Technical Extension Mapping
- The development guidelines. The COE team needs to be equipped with guidelines that they can share across with all stakeholders, especially the architect and developers. Because we have had the technology mapping sheet, we kept this guideline light-weighted with a strict "1,2,3,4…" sequence of the technology priority based on the discussion of different real scenarios in the Company. This document provides a technical angle and also an easy-to-consume way by the experienced developers who used to develop the extensions in the widely used "WRICEF" model.


- To further "build the ramp" for experienced developers, we created the ABAP extension design reference guide. It can be regarded as a dictionary to translate the WRICEF model into the new AEM based model.
- Last but not least, based on the new model the specification templates were built and themselves became succinct because the details now can be found in all above references.

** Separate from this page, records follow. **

definition invariant_A ::
  "nat \<Rightarrow> (nat \<Rightarrow> real \<Rightarrow> real) \<Rightarrow> (nat \<Rightarrow> nat \<Rightarrow> real \<Rightarrow> real) \<Rightarrow> real \<Rightarrow> bool" where
  "invariant_A m \<omega> a r \<longleftrightarrow>
     (\<forall>\<theta>. TVKR_solution m \<omega> a \<theta> \<longrightarrow> in_A m r (\<theta> 0) \<longrightarrow> (\<forall>t\<ge>0. in_A m r (\<theta> t)))"

definition neg_part :: "real \<Rightarrow> real" where
  "neg_part z = min z 0"

definition Lambda :: "nat \<Rightarrow> (nat \<Rightarrow> nat \<Rightarrow> real \<Rightarrow> real) \<Rightarrow> nat \<Rightarrow> nat \<Rightarrow> real \<Rightarrow> nat set" where
  "Lambda m a i j t = {k. k < m \<and> a i k t > 0 \<and> a j k t > 0}"

end

theory Submission
  imports Defs
begin

text \<open>Suppose all phase differences are at most \<open>c \<in> (r, \<pi>/2)\<close> and the pair \<open>i, j\<close>
  attains \<open>\<theta>\<^sub>i - \<theta>\<^sub>j = c\<close>. Then every phase lies between \<open>\<theta>\<^sub>j\<close> and \<open>\<theta>\<^sub>i\<close>, so by the
  subadditivity of \<open>sin\<close> on \<open>[0, \<pi>/2]\<close> the coupling terms decrease \<open>\<theta>\<^sub>i - \<theta>\<^sub>j\<close> at rate at
  least \<open>K\<^sub>i\<^sub>j sin c\<close>, which beats the frequency gap by the hypothesis. Hence the largest
  phase difference can cross a level \<open>c\<close> only at one of the countably many times where the
  equation is allowed to fail; as there are uncountably many levels in \<open>(r, \<pi>/2)\<close>, it never
  exceeds \<open>r\<close>.\<close>

lemma sin_le_sin_diff_add_sin:
  fixes c y :: real
  assumes "0 \<le> y" "y \<le> c" "c \<le> pi/2"
  shows "sin c \<le> sin (c - y) + sin y"
proof -
  have "0 \<le> sin (c - y)" "0 \<le> sin y" using assms by (auto intro: sin_ge_zero)
  then have "sin (c - y) * cos y + cos (c - y) * sin y \<le> sin (c - y) * 1 + 1 * sin y"
    by (intro add_mono mult_left_mono mult_right_mono) auto
  then show ?thesis using sin_add[of "c - y" y] by simp
qed

lemma min_mult_sin_le:
  fixes \<alpha> \<beta> c y :: real
  assumes "0 < \<alpha>" "0 < \<beta>" "0 \<le> y" "y \<le> c" "c \<le> pi/2"
  shows "min \<alpha> \<beta> * sin c \<le> \<alpha> * sin (c - y) + \<beta> * sin y"
proof -
  have "0 \<le> sin (c - y)" "0 \<le> sin y" using assms by (auto intro: sin_ge_zero)
  have "min \<alpha> \<beta> * sin c \<le> min \<alpha> \<beta> * (sin (c - y) + sin y)"
    using assms sin_le_sin_diff_add_sin[of y c] by (intro mult_left_mono) auto
  also have "\<dots> \<le> \<alpha> * sin (c - y) + \<beta> * sin y"
    using \<open>0 \<le> sin (c - y)\<close> \<open>0 \<le> sin y\<close>
    by (simp add: distrib_left add_mono mult_right_mono)
  finally show ?thesis .
qed

lemma neg_part_mult_sin_le:
  fixes \<alpha> y c :: real
  assumes "0 \<le> y" "y \<le> c" "c \<le> pi/2"
  shows "neg_part \<alpha> * sin c \<le> \<alpha> * sin y"
proof -
  have "0 \<le> sin y" "sin y \<le> sin c" using assms by (auto intro: sin_ge_zero sin_monotone_2pi_le)
  then have "neg_part \<alpha> * sin c \<le> neg_part \<alpha> * sin y"
    by (intro mult_left_mono_neg) (auto simp: neg_part_def)
  also have "\<dots> \<le> \<alpha> * sin y"
    using \<open>0 \<le> sin y\<close> by (intro mult_right_mono) (auto simp: neg_part_def)
  finally show ?thesis .
qed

- We spent more time on the ABAP (RAP model) considering huge legacy both from the ABAP language itself and in the Company's code base. With CAP model the guideline like the "Golden Path" is available and we've included them as an integral part of the development guideline.
- There was a further aspiration to build an app to automate the full extension design, approval and delivery quality gate processes within an organisation. By the time of this blog, the good news for RISE customers is that with Clean Core practices being integrated into the Activate Methodology, there are out-of-box accelerators available for RISE customers already.
Closing and Way Forward
As a retrospective, the following steps taken for the Company may be referrable practices in the future:
- Alignment on the value. Highlight the opportunities and challenges for applying Clean Core principles and get stakeholder's support. This is easier said than done, I've seen a full spectrum of situations: some customers just take the "Clean Core" as yet another "SAP slogan" while others treat it seriously as they see the change is inevitable.

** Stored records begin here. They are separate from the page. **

(* Let $\epsilon>0$, $q>0$, and let $\Lambda_\epsilon$ be an $\epsilon$-lattice under the $\ell_2$ norm. For any $\mathbf{x}\in\mathbb{R}^d$ and $\boldsymbol\lambda\in\Lambda_\epsilon$, the points $\boldsymbol\lambda+\mathbf{x}$ and $\boldsymbol\lambda-\mathbf{x}$ are contained in the same number of expanded Voronoi regions $\mathbf{Vor}^+(\boldsymbol\lambda')$, $\boldsymbol\lambda'\in\Lambda_\epsilon$.
   Context: A lattice is the set of integer combinations of a basis of $\mathbb{R}^d$. Under $\ell_2$, its packing radius $r_p$ is the supremum of $r$ such that balls of radius $r$ around distinct lattice points are disjoint and its cover radius $r_c$ is the infimum of $r$ such that balls of radius $r$ around lattice points cover $\mathbb{R}^d$; an $\epsilon$-lattice has $\epsilon=r_p\le r_c\le3\epsilon$. The Voronoi region of $\boldsymbol\lambda'$ is $\mathbf{Vor}(\boldsymbol\lambda')=\{\mathbf{y}:\|\mathbf{y}-\boldsymbol\lambda'\|_2<\|\mathbf{y}-\boldsymbol\lambda''\|_2\ \forall\boldsymbol\lambda''\in\Lambda_\epsilon\setminus\{\boldsymbol\lambda'\}\}$. The expanded Voronoi region $\mathbf{Vor}^+(\boldsymbol\lambda')$ is the set of points within $\ell_2$ distance $2q\epsilon$ of $\mathbf{Vor}(\boldsymbol\lambda')$. *)

theory Defs
  imports "HOL-Analysis.Analysis"
begin

definition is_lattice :: "'a::euclidean_space set \<Rightarrow> bool" where
  "is_lattice L \<longleftrightarrow> (\<exists>B. independent B \<and> span B = UNIV \<and>
     L = {(\<Sum>b\<in>B. of_int (c b) *\<^sub>R b) | c. True})"

definition packing_radius :: "'a::euclidean_space set \<Rightarrow> real" where
  "packing_radius L = Sup {r. 0 \<le> r \<and>
     (\<forall>x\<in>L. \<forall>y\<in>L. x \<noteq> y \<longrightarrow> ball x r \<inter> ball y r = {})}"

definition cover_radius :: "'a::euclidean_space set \<Rightarrow> real" where
  "cover_radius L = Inf {r. 0 \<le> r \<and> (\<Union>x\<in>L. cball x r) = UNIV}"

definition eps_lattice :: "real \<Rightarrow> 'a::euclidean_space set \<Rightarrow> bool" where
  "eps_lattice \<epsilon> L \<longleftrightarrow> is_lattice L \<and> packing_radius L = \<epsilon> \<and>
     \<epsilon> \<le> cover_radius L \<and> cover_radius L \<le> 3 * \<epsilon>"

definition Vor :: "'a::euclidean_space set \<Rightarrow> 'a \<Rightarrow> 'a set" where
  "Vor L l' = {y. \<forall>l''\<in>L - {l'}. dist y l' < dist y l''}"

definition Vor_plus :: "real \<Rightarrow> real \<Rightarrow> 'a::euclidean_space set \<Rightarrow> 'a \<Rightarrow> 'a set" where
  "Vor_plus q \<epsilon> L l' = {y. \<exists>z\<in>Vor L l'. dist y z \<le> 2 * q * \<epsilon>}"

end

theory Submission
  imports Defs
begin

(* The point reflection y \<mapsto> 2\<lambda> - y is an isometry that maps the lattice onto itself
   and swaps \<lambda> + x and \<lambda> - x. Isometries preserving the lattice permute the Voronoi
   regions, hence also the expanded ones, so the reflection is a bijection between the
   lattice points whose expanded region contains \<lambda> + x and those whose expanded region
   contains \<lambda> - x. *)

lemma lattice_point_reflection:
  assumes "is_lattice L" "l \<in> L" "y \<in> L"
  shows "(2::real) *\<^sub>R l - y \<in> L"
proof -
  obtain B where L: "L = {(\<Sum>b\<in>B. of_int (c b) *\<^sub>R b) | c. True}"
    using assms(1) unfolding is_lattice_def by blast
  obtain c1 where c1: "l = (\<Sum>b\<in>B. of_int (c1 b) *\<^sub>R b)" using assms(2) L by blast
  obtain c2 where c2: "y = (\<Sum>b\<in>B. of_int (c2 b) *\<^sub>R b)" using assms(3) L by blast
  have "(2::real) *\<^sub>R l - y = (\<Sum>b\<in>B. of_int (2 * c1 b - c2 b) *\<^sub>R b)"
    unfolding c1 c2 scaleR_sum_right sum_subtractf[symmetric]
    by (rule sum.cong) (auto simp: algebra_simps)
  then show ?thesis unfolding L by (auto intro!: exI[of _ "\<lambda>b. 2 * c1 b - c2 b"])
qed

lemma Vor_isometry_mem:
  assumes isom: "\<And>a b. dist (f a) (f b) = dist a b"
    and onto: "L \<subseteq> f ` L"
    and y: "y \<in> Vor L l'"
  shows "f y \<in> Vor L (f l')"
  unfolding Vor_def
proof (intro CollectI ballI)
  fix m assume m: "m \<in> L - {f l'}"
  then obtain m0 where m0: "m0 \<in> L" "m = f m0" using onto by blast
  with m have "m0 \<in> L - {l'}" by blast
  then have "dist y l' < dist y m0" using y by (simp add: Vor_def)
  then show "dist (f y) (f l') < dist (f y) m" by (simp add: m0(2) isom)
qed

lemma Vor_plus_isometry_mem:
  assumes isom: "\<And>a b. dist (f a) (f b) = dist a b"
    and onto: "L \<subseteq> f ` L"
    and y: "y \<in> Vor_plus q \<epsilon> L l'"
  shows "f y \<in> Vor_plus q \<epsilon> L (f l')"
proof -
  obtain z where z: "z \<in> Vor L l'" "dist y z \<le> 2 * q * \<epsilon>"
    using y unfolding Vor_plus_def by blast
  have "f z \<in> Vor L (f l')" using Vor_isometry_mem[OF isom onto z(1)] .
  moreover have "dist (f y) (f z) \<le> 2 * q * \<epsilon>" using z(2) by (simp add: isom)
  ultimately show ?thesis unfolding Vor_plus_def by blast
qed

lemma card_Vor_plus_involution:
  assumes isom: "\<And>a b. dist (f a) (f b) = dist a b"
    and invol: "\<And>y. f (f y) = y"
    and closed: "f ` L \<subseteq> L"
  shows "card {l'\<in>L. f p \<in> Vor_plus q \<epsilon> L l'} = card {l'\<in>L. p \<in> Vor_plus q \<epsilon> L l'}"
proof -
  have onto: "L \<subseteq> f ` L" using closed invol by (metis image_eqI subset_iff)
  have "{l'\<in>L. f p \<in> Vor_plus q \<epsilon> L l'} = f ` {l'\<in>L. p \<in> Vor_plus q \<epsilon> L l'}"
  proof (intro equalityI subsetI)
    fix m assume "m \<in> {l'\<in>L. f p \<in> Vor_plus q \<epsilon> L l'}"
    then have "m \<in> L" "f p \<in> Vor_plus q \<epsilon> L m" by auto
    then have "f m \<in> {l'\<in>L. p \<in> Vor_plus q \<epsilon> L l'}"
      using Vor_plus_isometry_mem[OF isom onto, of "f p"] closed invol by auto
    then show "m \<in> f ` {l'\<in>L. p \<in> Vor_plus q \<epsilon> L l'}" by (metis image_eqI invol)
  next
    fix m assume "m \<in> f ` {l'\<in>L. p \<in> Vor_plus q \<epsilon> L l'}"
    then show "m \<in> {l'\<in>L. f p \<in> Vor_plus q \<epsilon> L l'}"
      using Vor_plus_isometry_mem[OF isom onto] closed by auto
  qed
  moreover have "inj f" by (metis invol injI)
  ultimately show ?thesis by (simp add: card_image inj_on_subset)
qed

theorem lemma32:
  fixes L :: "'a::euclidean_space set" and \<epsilon> q :: real and x l :: 'a
  assumes "\<epsilon> > 0" and "q > 0" and "eps_lattice \<epsilon> L" and "l \<in> L"
  shows "card {l'\<in>L. l + x \<in> Vor_plus q \<epsilon> L l'} = card {l'\<in>L. l - x \<in> Vor_plus q \<epsilon> L l'}"
proof -
  define s where "s y = (2::real) *\<^sub>R l - y" for y :: 'a
  have "is_lattice L" using assms(3) unfolding eps_lattice_def by blast
  then have "s ` L \<subseteq> L" using lattice_point_reflection assms(4) by (auto simp: s_def)
  moreover have "dist (s a) (s b) = dist a b" for a b
    by (simp add: s_def dist_norm norm_minus_commute)
  moreover have "s (s y) = y" for y by (simp add: s_def)
  moreover have "s (l + x) = l - x" by (simp add: s_def scaleR_2)
  ultimately show ?thesis using card_Vor_plus_involution[of s L "l + x" q \<epsilon>] by metis
qed

end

- See the full picture. The better way to use a system is probably only extend it when necessary. This goes both ways between business and IT: traditionally IT was the "Cost Center" targeting to fulfil business requirements with low cost, nowadays with IT becoming a potential business generator, bilateral conversations should happen, and the million-dollar question should be asked: "how much of the existing business processes can be standardised so as to be digitally agile?" This is why the "fit-to-standard" is put first in the Analysis phase to avoid the "unnecessary" build, before any development process in the Design phase.
- Simplify to be agile. The development artefacts were updated for the design phase with simplifications but also "backward compatibility" with the classic design patterns, we simply cannot dump the legacy: we built the ramp and not burnt the bridge (yet).
Looking forward, because it is crucial for the alignment between the technological advancements and business goals, the SAP development will continue to evolve and demand continuous effort and iterative updates. That's why we always say it is a "Journey", and the journey has just begun.